После совещания Лабрюйер понял одно: ему придётся изучить, кто из студентов политехникума в пятом или шестом году оставался в Риге и кто в чём был замечен. Помощников в этом деле не будет, а срок — хорошо бы предоставить сведения к завтрашнему дню.

— Не горюй, брат Аякс, — сказал Енисеев. — Всё не так уж скверно. Студенты-немцы большей частью сидели по домам тихо, как мышь под веником, колобродили русские и латышские студенты. Вот они теперь, став видными людьми, и дрожат за свои репутации.

— Но Розенцвайг — немец. Рейтерн — немец. И среди тех молодых инженеров, что я видел на «Моторе», человека четыре — точно немцы и выпускники политехникума. Значит, они что-то натворили во время беспорядков и теперь смертельно боятся шантажистов?

— Очень даже может быть. Как ты понимаешь, у нас был человек на «Моторе», которым занимался Росомаха. Он и проболтался, что кто-то из мастеров сборочного цеха что-то такое по чьей-то просьбе собирался вынести некому покупателю. Ни имён, ничего — только это. Но после ночной стрельбы Росомаха к нему и близко не подходит. Тот из инженеров, кто собрался передать неведомо что неведомо кому, сейчас явно затаился. Поэтому проверить придётся всех. И русских, и латышей.

— А ты не допускаешь, что шантажируют двоих или троих? — спросил Лабрюйер. — Участие в этих безумных ночных судилищах на Романовской — как раз то, что сейчас приходится скрывать. Родня как-то сумела обелить своих непутёвых детишек, и я боюсь, что их — целая компания, и что они поддерживают друг дружку.
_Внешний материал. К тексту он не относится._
(* Every hyperpath is $\mathbb{Z}_2\times\mathbb{Z}_2$-cordial.
   Context: A path hypergraph with edges $e_1,\dots,e_m$ ($m\ge 1$, in this order) is a finite hypergraph $H=(V,E)$ with $E=\{e_1,\dots,e_m\}$, $V=e_1\cup\cdots\cup e_m$, $|e_i\cap e_{i+1}|=1$ for $1\le i<m$, and $e_i\cap e_j=\emptyset$ whenever $|i-j|\ge 2$. A hyperpath is a path hypergraph in which every edge has at least 3 vertices. Let $A=\mathbb{Z}_2\times\mathbb{Z}_2$. For a labeling $c:V\to A$, write $v_c(a)=|c^{-1}(a)|$; $c$ is $A$-friendly if $|v_c(a)-v_c(b)|\le 1$ for all $a,b\in A$. It induces $c^*:E\to A$, $c^*(e)=\sum_{v\in e}c(v)$; write $e_{c^*}(a)=|(c^* )^{-1}(a)|$. $H$ is $A$-cordial if it admits an $A$-friendly labeling $c$ with $|e_{c^*}(a)-e_{c^*}(b)|\le 1$ for all $a,b\in A$. *)

theory Defs
  imports Main "HOL-Library.Z2" "HOL-Library.Product_Plus"
begin

type_synonym klein = "bit \<times> bit"

text \<open>A path hypergraph given by its edges e_1,...,e_m in order (list es, m = length es).
  Indices are 0-based. The hypergraph is finite: every edge is a finite set.\<close>
definition path_hypergraph :: "'v set list \<Rightarrow> bool" where
  "path_hypergraph es \<longleftrightarrow>
     length es \<ge> 1 \<and>
     (\<forall>i < length es. finite (es ! i)) \<and>
     (\<forall>i. i + 1 < length es \<longrightarrow> card (es ! i \<inter> es ! (i + 1)) = 1) \<and>
     (\<forall>i < length es. \<forall>j < length es. i + 2 \<le> j \<longrightarrow> es ! i \<inter> es ! j = {})"

definition hyperpath :: "'v set list \<Rightarrow> bool" where
  "hyperpath es \<longleftrightarrow> path_hypergraph es \<and> (\<forall>i < length es. card (es ! i) \<ge> 3)"

definition hvertices :: "'v set list \<Rightarrow> 'v set" where
  "hvertices es = \<Union> (set es)"

definition vcount :: "'v set list \<Rightarrow> ('v \<Rightarrow> klein) \<Rightarrow> klein \<Rightarrow> nat" where
  "vcount es c a = card {v \<in> hvertices es. c v = a}"
(* Let $V_0$ be a nonlocal vertex algebra such that every $V_0$-module is completely reducible. Regard $V=V_0[[\hbar]]$ as an $\hbar$-adic nonlocal vertex algebra. Then for every simple $V$-module $W$ there is a simple $V_0$-module $W_0$ such that $W\cong W_0[[\hbar]]$ as $V$-modules.
   Context: Let $\hbar$ be a formal variable. A $\mathbb{C}[[\hbar]]$-module is topologically free if it is of the form $W_0[[\hbar]]$ for a complex vector space $W_0$. An ordinary nonlocal vertex algebra $V_0$ (resp. a $V_0$-module $W_0$) makes $V_0[[\hbar]]$ an $\hbar$-adic nonlocal vertex algebra (resp. $W_0[[\hbar]]$ a module over it) by $\mathbb{C}[[\hbar]]$-linear extension. A module over an $\hbar$-adic nonlocal vertex algebra is by definition topologically free. For a $\mathbb{C}[[\hbar]]$-submodule $U$ of a topologically free module $W$, set $[U]=\{w\in W:\hbar^n w\in U\text{ for some }n\ge 1\}$ and let $\overline{U}$ be its $\hbar$-adic closure. Convention: a submodule of a module $W$ over an $\hbar$-adic nonlocal vertex algebra $V$ is a $\mathbb{C}[[\hbar]]$-submodule $W_1$ stable under all operators $u_n$ ($u\in V$) such that $\overline{W_1}=W_1$ and $[W_1]=W_1$; $W$ is simple if $W\ne 0$ and its only submodules are $0$ and $W$. A $V_0$-module is completely reducible if it is a direct sum of simple $V_0$-submodules (equivalently, every submodule has a complementary submodule). *)

theory Defs
  imports Complex_Main "HOL-Library.Function_Algebras"
begin

(* Vertex operators are given by their modes: Y u n v = u_n v  (n :: int),
   i.e. Y(u,x)v = sum_n u_n v x^(-n-1). *)

definition lin_on :: "(complex \<Rightarrow> 'a::ab_group_add \<Rightarrow> 'a) \<Rightarrow> (complex \<Rightarrow> 'b::ab_group_add \<Rightarrow> 'b)
    \<Rightarrow> 'a set \<Rightarrow> ('a \<Rightarrow> 'b) \<Rightarrow> bool" where
  "lin_on s t A f \<longleftrightarrow> (\<forall>x\<in>A. \<forall>y\<in>A. \<forall>c. f (s c x + y) = t c (f x) + f y)"

(* coefficient of x0^a x2^b in (x0+x2)^l Y_M(u,x0+x2) Y_M(v,x2) w, the sum over j
   truncated at J (terms with j >= J vanish once v_(j-1-b) w = 0) *)
definition wa_lhs :: "(complex \<Rightarrow> 'm::ab_group_add \<Rightarrow> 'm) \<Rightarrow> ('u \<Rightarrow> int \<Rightarrow> 'm \<Rightarrow> 'm)
    \<Rightarrow> 'u \<Rightarrow> 'u \<Rightarrow> 'm \<Rightarrow> nat \<Rightarrow> int \<Rightarrow> int \<Rightarrow> nat \<Rightarrow> 'm" where
  "wa_lhs sM YM u v w l a b J =
     (\<Sum>j<J. sM ((of_int (a + int j) :: complex) gchoose j)
               (YM u (int l - 1 - a - int j) (YM v (int j - 1 - b) w)))"

(* coefficient of x0^a x2^b in (x0+x2)^l Y_M(Y(u,x0)v,x2) w *)
definition wa_rhs :: "(complex \<Rightarrow> 'm::ab_group_add \<Rightarrow> 'm) \<Rightarrow> ('u \<Rightarrow> int \<Rightarrow> 'u \<Rightarrow> 'u)
    \<Rightarrow> ('u \<Rightarrow> int \<Rightarrow> 'm \<Rightarrow> 'm) \<Rightarrow> 'u \<Rightarrow> 'u \<Rightarrow> 'm \<Rightarrow> nat \<Rightarrow> int \<Rightarrow> int \<Rightarrow> 'm" where
  "wa_rhs sM Y YM u v w l a b =
     (\<Sum>i\<le>l. sM (of_nat (l choose i))
               (YM (Y u (int l - int i - a - 1) v) (int i - b - 1) w))"

definition wassoc :: "(complex \<Rightarrow> 'm::ab_group_add \<Rightarrow> 'm) \<Rightarrow> ('u \<Rightarrow> int \<Rightarrow> 'u \<Rightarrow> 'u)
    \<Rightarrow> ('u \<Rightarrow> int \<Rightarrow> 'm \<Rightarrow> 'm) \<Rightarrow> 'm set \<Rightarrow> bool" where
  "wassoc sM Y YM M \<longleftrightarrow>
     (\<forall>u v. \<forall>w\<in>M. \<exists>l::nat. \<forall>a b J.
        (\<forall>j\<ge>J. YM v (int j - 1 - b) w = 0) \<longrightarrow>
        wa_lhs sM YM u v w l a b J = wa_rhs sM Y YM u v w l a b)"

definition nlva :: "(complex \<Rightarrow> 'v::ab_group_add \<Rightarrow> 'v) \<Rightarrow> 'v \<Rightarrow> ('v \<Rightarrow> int \<Rightarrow> 'v \<Rightarrow> 'v) \<Rightarrow> bool" where
  "nlva sc vac Y \<longleftrightarrow>
     vector_space sc \<and>
     (\<forall>u n. lin_on sc sc UNIV (Y u n)) \<and>
     (\<forall>v n. lin_on sc sc UNIV (\<lambda>u. Y u n v)) \<and>
     (\<forall>u v. \<exists>N. \<forall>n\<ge>N. Y u n v = 0) \<and>
     (\<forall>n v. Y vac n v = (if n = -1 then v else 0)) \<and>
     (\<forall>u. \<forall>n\<ge>0. Y u n vac = 0) \<and>
     (\<forall>u. Y u (-1) vac = u) \<and>
     wassoc sc Y Y UNIV"

definition nlva_module :: "(complex \<Rightarrow> 'v::ab_group_add \<Rightarrow> 'v) \<Rightarrow> 'v \<Rightarrow> ('v \<Rightarrow> int \<Rightarrow> 'v \<Rightarrow> 'v)
    \<Rightarrow> (complex \<Rightarrow> 'm::ab_group_add \<Rightarrow> 'm) \<Rightarrow> 'm set \<Rightarrow> ('v \<Rightarrow> int \<Rightarrow> 'm \<Rightarrow> 'm) \<Rightarrow> bool" where
  "nlva_module sc vac Y sM M YM \<longleftrightarrow>
     vector_space sM \<and> module.subspace sM M \<and>
     (\<forall>u n. \<forall>w\<in>M. YM u n w \<in> M) \<and>
     (\<forall>u n. lin_on sM sM M (YM u n)) \<and>
     (\<forall>n. \<forall>w\<in>M. lin_on sc sM UNIV (\<lambda>u. YM u n w)) \<and>
     (\<forall>u. \<forall>w\<in>M. \<exists>N. \<forall>n\<ge>N. YM u n w = 0) \<and>
     (\<forall>n. \<forall>w\<in>M. YM vac n w = (if n = -1 then w else 0)) \<and>
     wassoc sM Y YM M"

definition vsubmod :: "(complex \<Rightarrow> 'm::ab_group_add \<Rightarrow> 'm) \<Rightarrow> 'm set \<Rightarrow> ('v \<Rightarrow> int \<Rightarrow> 'm \<Rightarrow> 'm)
    \<Rightarrow> 'm set \<Rightarrow> bool" where
  "vsubmod sM M YM N \<longleftrightarrow> N \<subseteq> M \<and> module.subspace sM N \<and> (\<forall>u n. \<forall>w\<in>N. YM u n w \<in> N)"

definition vsimple :: "(complex \<Rightarrow> 'm::ab_group_add \<Rightarrow> 'm) \<Rightarrow> 'm set \<Rightarrow> ('v \<Rightarrow> int \<Rightarrow> 'm \<Rightarrow> 'm) \<Rightarrow> bool" where
  "vsimple sM M YM \<longleftrightarrow> M \<noteq> {0} \<and> (\<forall>N. vsubmod sM M YM N \<longrightarrow> N = {0} \<or> N = M)"

definition compl_red :: "(complex \<Rightarrow> 'm::ab_group_add \<Rightarrow> 'm) \<Rightarrow> 'm set \<Rightarrow> ('v \<Rightarrow> int \<Rightarrow> 'm \<Rightarrow> 'm) \<Rightarrow> bool" where
  "compl_red sM M YM \<longleftrightarrow>
     (\<forall>N. vsubmod sM M YM N \<longrightarrow>
        (\<exists>N'. vsubmod sM M YM N' \<and> N \<inter> N' = {0} \<and> (\<forall>w\<in>M. \<exists>x\<in>N. \<exists>y\<in>N'. w = x + y)))"

(* ---------- hbar-adic part: elements of X[[hbar]] are functions nat => X ---------- *)

definition pscale :: "(complex \<Rightarrow> 'a \<Rightarrow> 'a) \<Rightarrow> complex \<Rightarrow> (nat \<Rightarrow> 'a) \<Rightarrow> (nat \<Rightarrow> 'a)" where
  "pscale s c x = (\<lambda>i. s c (x i))"

definition hmul :: "(complex \<Rightarrow> 'a::comm_monoid_add \<Rightarrow> 'a) \<Rightarrow> (nat \<Rightarrow> complex) \<Rightarrow> (nat \<Rightarrow> 'a) \<Rightarrow> (nat \<Rightarrow> 'a)" where
  "hmul s f x = (\<lambda>k. \<Sum>i\<le>k. s (f i) (x (k - i)))"

definition hlin :: "(complex \<Rightarrow> 'a::ab_group_add \<Rightarrow> 'a) \<Rightarrow> (complex \<Rightarrow> 'b::ab_group_add \<Rightarrow> 'b)
    \<Rightarrow> ((nat \<Rightarrow> 'a) \<Rightarrow> (nat \<Rightarrow> 'b)) \<Rightarrow> bool" where
  "hlin s t F \<longleftrightarrow> (\<forall>f x y. F (hmul s f x + y) = hmul t f (F x) + F y)"

(* x \<in> hbar^k W *)
definition inhk :: "nat \<Rightarrow> (nat \<Rightarrow> 'a::zero) \<Rightarrow> bool" where
  "inhk k x \<longleftrightarrow> (\<forall>i<k. x i = 0)"

definition hpow :: "nat \<Rightarrow> (nat \<Rightarrow> 'a::zero) \<Rightarrow> (nat \<Rightarrow> 'a)" where
  "hpow n x = (\<lambda>i. if i < n then 0 else x (i - n))"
— Это очень похоже на правду, — согласился Енисеев. — Пока у нас есть одна сомнительная ниточка — Розенцвайг. Я узнаю всё о его друзьях и прочих связях.

— А я узнаю, кому из членов Федеративного комитета можно было всучить ложный донос, зная, что никакой проверки не будет.

О том, чтобы бросать след, ведущий к маньяку, речи не было — Лабрюйер и не напомнил Енисееву о маньяке.

На следующий день он, вызвав Мартина Скую, отправил госпожу Круминь с Ничей на Кипенхольм. Но перед этим дал мальчику инструкции.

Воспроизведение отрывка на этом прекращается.